Task brief => Copy each line containing "moreover" from the listing below.

Input material =>
text \<open>
  \<open>proj_potential S x\<close> is the maximum of \<open>x \<bullet> p - p \<bullet> p / 2\<close> over \<open>p \<in> S\<close>, attained at the
  closest point.
\<close>

definition proj_potential :: "'a::euclidean_space set \<Rightarrow> 'a \<Rightarrow> real" where
  "proj_potential S x = x \<bullet> closest_point S x - closest_point S x \<bullet> closest_point S x / 2"

lemma closest_point_subgradient:
  fixes S :: "'a::euclidean_space set"
  assumes "closed S" "S \<noteq> {}"
  shows "proj_potential S x + (y - x) \<bullet> closest_point S x \<le> proj_potential S y"
proof -
  let ?P = "closest_point S"
  have "dist y (?P y) \<le> dist y (?P x)"
    by (rule closest_point_le[OF assms(1) closest_point_in_set[OF assms]])
  then have "(y - ?P y) \<bullet> (y - ?P y) \<le> (y - ?P x) \<bullet> (y - ?P x)"
    by (simp add: dist_norm power_mono flip: power2_norm_eq_inner)
  moreover have "proj_potential S y - (proj_potential S x + (y - x) \<bullet> ?P x)
      = ((y - ?P x) \<bullet> (y - ?P x) - (y - ?P y) \<bullet> (y - ?P y)) / 2"
    unfolding proj_potential_def by (simp add: inner_diff inner_commute field_simps)
  ultimately have "0 \<le> proj_potential S y - (proj_potential S x + (y - x) \<bullet> ?P x)"
    by simp
  then show ?thesis
    by simp
qed

definition nonneg_selfadjoint :: "('a::real_inner \<Rightarrow>\<^sub>L 'a) set" where
  "nonneg_selfadjoint =
    {L. (\<forall>U W. blinfun_apply L U \<bullet> W = U \<bullet> blinfun_apply L W) \<and> (\<forall>W. 0 \<le> blinfun_apply L W \<bullet> W)}"

lemma convex_nonneg_selfadjoint: "convex nonneg_selfadjoint"
  unfolding convex_def nonneg_selfadjoint_def
  by (auto simp: blinfun.add_left blinfun.scaleR_left inner_add_left inner_add_right)

lemma closed_nonneg_selfadjoint: "closed (nonneg_selfadjoint :: ('a::real_inner \<Rightarrow>\<^sub>L 'a) set)"
proof -
  have "nonneg_selfadjoint =
      (\<Inter>U. \<Inter>W. {L :: 'a \<Rightarrow>\<^sub>L 'a. blinfun_apply L U \<bullet> W = U \<bullet> blinfun_apply L W})
      \<inter> (\<Inter>W. {L. 0 \<le> blinfun_apply L W \<bullet> W})"
    by (auto simp: nonneg_selfadjoint_def)
  also have "closed \<dots>"
    by (intro closed_Int closed_INT closed_Collect_eq closed_Collect_le continuous_intros ballI)
  finally show ?thesis .
qed

lemma B_jac_closest_point_subset:
  fixes S :: "'a::euclidean_space set"
  assumes "closed S" "S \<noteq> {}"
  shows "B_jac (closest_point S) x \<subseteq> nonneg_selfadjoint"
proof
  fix L
  assume "L \<in> B_jac (closest_point S) x"
  then obtain s D where der: "\<And>k. (closest_point S has_derivative blinfun_apply (D k)) (at (s k))"
    and "D \<longlonglongrightarrow> L"
    unfolding B_jac_def by blast
  interpret subgradient_map "proj_potential S" "closest_point S"
    by unfold_locales (rule closest_point_subgradient[OF assms])
  have "D k \<in> nonneg_selfadjoint" for k
    using derivative_symmetric[OF der] derivative_nonneg[OF der]
    by (auto simp: nonneg_selfadjoint_def inner_commute)
  with \<open>D \<longlonglongrightarrow> L\<close> show "L \<in> nonneg_selfadjoint"
    using closed_nonneg_selfadjoint closed_sequentially by blast
qed

lemma clarke_jac_closest_point_subset:
  fixes S :: "'a::euclidean_space set"
  assumes "closed S" "S \<noteq> {}"
  shows "clarke_jac (closest_point S) x \<subseteq> nonneg_selfadjoint"
  unfolding clarke_jac_def
  by (rule hull_minimal[where S = convex,
        OF B_jac_closest_point_subset[OF assms] convex_nonneg_selfadjoint])

lemma spec_ball_eq: "spec_ball \<tau> = {X :: real^'q^'p. \<forall>v. norm (X *v v) \<le> \<tau> * norm v}"
proof -
  have "onorm (\<lambda>v. X *v v) \<le> \<tau> \<longleftrightarrow> (\<forall>v. norm (X *v v) \<le> \<tau> * norm v)" for X :: "real^'q^'p"
    using onorm[OF matrix_vector_mul_bounded_linear, of X] onorm_le[of "\<lambda>v. X *v v" \<tau>]
    by (meson mult_right_mono norm_ge_zero order_trans)
  then show ?thesis
    by (auto simp: spec_ball_def spec_norm_def)
qed

lemma continuous_on_matrix_vector_mult_left: "continuous_on S (\<lambda>A :: real^'n^'m. A *v v)"
proof -
  have "linear (\<lambda>A :: real^'n^'m. A *v v)"
    by (rule linearI) (simp_all add: matrix_vector_mult_add_rdistrib flip: scaleR_matrix_vector_assoc)
  then show ?thesis
    by (simp add: linear_continuous_on linear_conv_bounded_linear)
qed

lemma closed_spec_ball: "closed (spec_ball \<tau> :: (real^'q^'p) set)"
  unfolding spec_ball_eq Collect_all_eq
  by (intro closed_INT closed_Collect_le continuous_intros continuous_on_matrix_vector_mult_left ballI)

lemma spec_ball_nonempty:
  assumes "0 \<le> \<tau>"
  shows "spec_ball \<tau> \<noteq> {}"
proof -
  have "0 \<in> spec_ball \<tau>"
    using assms by (simp add: spec_ball_eq)
  then show ?thesis
    by blast
qed

lemma inner_Vtilde:
  "Vtilde J X y \<sigma> \<rho> G U \<bullet> W = U \<bullet> W + \<sigma> * (blinfun_apply G U \<bullet> W)
     + \<sigma> * (\<Sum>j\<in>J. ((y j *\<^sub>R X j) \<bullet> U) * ((y j *\<^sub>R X j) \<bullet> W))
     - \<sigma>\<^sup>2 / (\<sigma> * real (card J) + \<rho>)
       * ((\<Sum>j\<in>J. y j * ((y j *\<^sub>R X j) \<bullet> U)) * (\<Sum>j\<in>J. y j * ((y j *\<^sub>R X j) \<bullet> W)))"
  by (cases "J = {}") (simp_all add: Vtilde_def inner_add_left inner_diff_left inner_sum_left mult.assoc)

lemma Vtilde_selfadjoint:
  assumes "G \<in> nonneg_selfadjoint"
  shows "Vtilde J X y \<sigma> \<rho> G U \<bullet> W = U \<bullet> Vtilde J X y \<sigma> \<rho> G W"
  using assms
  by (simp add: inner_Vtilde inner_commute[of U] nonneg_selfadjoint_def mult.commute)

lemma inner_Vtilde_self_pos:
  assumes "finite J" "\<And>j. j \<in> J \<Longrightarrow> (y j)\<^sup>2 = 1" "0 < \<sigma>" "0 \<le> \<rho>"
    and "G \<in> nonneg_selfadjoint" "W \<noteq> 0"
  shows "0 < Vtilde J X y \<sigma> \<rho> G W \<bullet> W"
proof -
  define a where "a j = (y j *\<^sub>R X j) \<bullet> W" for j
  define c where "c = real (card J)"
  define \<kappa> where "\<kappa> = \<sigma>\<^sup>2 / (\<sigma> * c + \<rho>)"
  have "0 \<le> c"
    by (simp add: c_def)
  then have "0 \<le> \<sigma> * c + \<rho>"
    using \<open>0 < \<sigma>\<close> \<open>0 \<le> \<rho>\<close> by simp
  then have "0 \<le> \<kappa>"
    by (simp add: \<kappa>_def)
  have "\<kappa> * c \<le> \<sigma>"
  proof (cases "\<sigma> * c + \<rho> = 0")
    case True
    then show ?thesis
      using \<open>0 < \<sigma>\<close> by (simp add: \<kappa>_def)
  next
    case False
    with \<open>0 \<le> \<sigma> * c + \<rho>\<close> have "0 < \<sigma> * c + \<rho>"
      by simp
    moreover have "0 \<le> \<sigma> * \<rho>"
      using \<open>0 < \<sigma>\<close> \<open>0 \<le> \<rho>\<close> by simp
    ultimately show ?thesis
      by (simp add: \<kappa>_def power2_eq_square pos_divide_le_eq algebra_simps)
  qed
  have "(\<Sum>j\<in>J. y j * a j)\<^sup>2 \<le> (\<Sum>j\<in>J. (y j)\<^sup>2) * (\<Sum>j\<in>J. (a j)\<^sup>2)"
    by (rule Cauchy_Schwarz_ineq_sum)
  also have "\<dots> = c * (\<Sum>j\<in>J. (a j)\<^sup>2)"
    using assms(2) by (simp add: c_def)
  finally have "\<kappa> * (\<Sum>j\<in>J. y j * a j)\<^sup>2 \<le> (\<kappa> * c) * (\<Sum>j\<in>J. (a j)\<^sup>2)"
    using \<open>0 \<le> \<kappa>\<close> by (simp add: mult_left_mono mult.assoc)
  also have "\<dots> \<le> \<sigma> * (\<Sum>j\<in>J. (a j)\<^sup>2)"
    using \<open>\<kappa> * c \<le> \<sigma>\<close> by (intro mult_right_mono sum_nonneg) auto
  finally have quadratic_le: "\<kappa> * (\<Sum>j\<in>J. y j * a j)\<^sup>2 \<le> \<sigma> * (\<Sum>j\<in>J. (a j)\<^sup>2)" .
  have "0 \<le> blinfun_apply G W \<bullet> W"
    using assms(5) unfolding nonneg_selfadjoint_def by blast
  then have "0 \<le> \<sigma> * (blinfun_apply G W \<bullet> W)"
    using \<open>0 < \<sigma>\<close> by simp
  moreover have "0 < W \<bullet> W"
    using \<open>W \<noteq> 0\<close> by simp
  moreover have "Vtilde J X y \<sigma> \<rho> G W \<bullet> W
      = W \<bullet> W + \<sigma> * (blinfun_apply G W \<bullet> W) + \<sigma> * (\<Sum>j\<in>J. (a j)\<^sup>2) - \<kappa> * (\<Sum>j\<in>J. y j * a j)\<^sup>2"
    by (simp add: inner_Vtilde a_def c_def \<kappa>_def power2_eq_square)
  ultimately show ?thesis
    using quadratic_le by linarith
qed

Result for this task =>
  moreover have "proj_potential S y - (proj_potential S x + (y - x) \<bullet> ?P x)
    moreover have "0 \<le> \<sigma> * \<rho>"
  moreover have "0 < W \<bullet> W"
  moreover have "Vtilde J X y \<sigma> \<rho> G W \<bullet> W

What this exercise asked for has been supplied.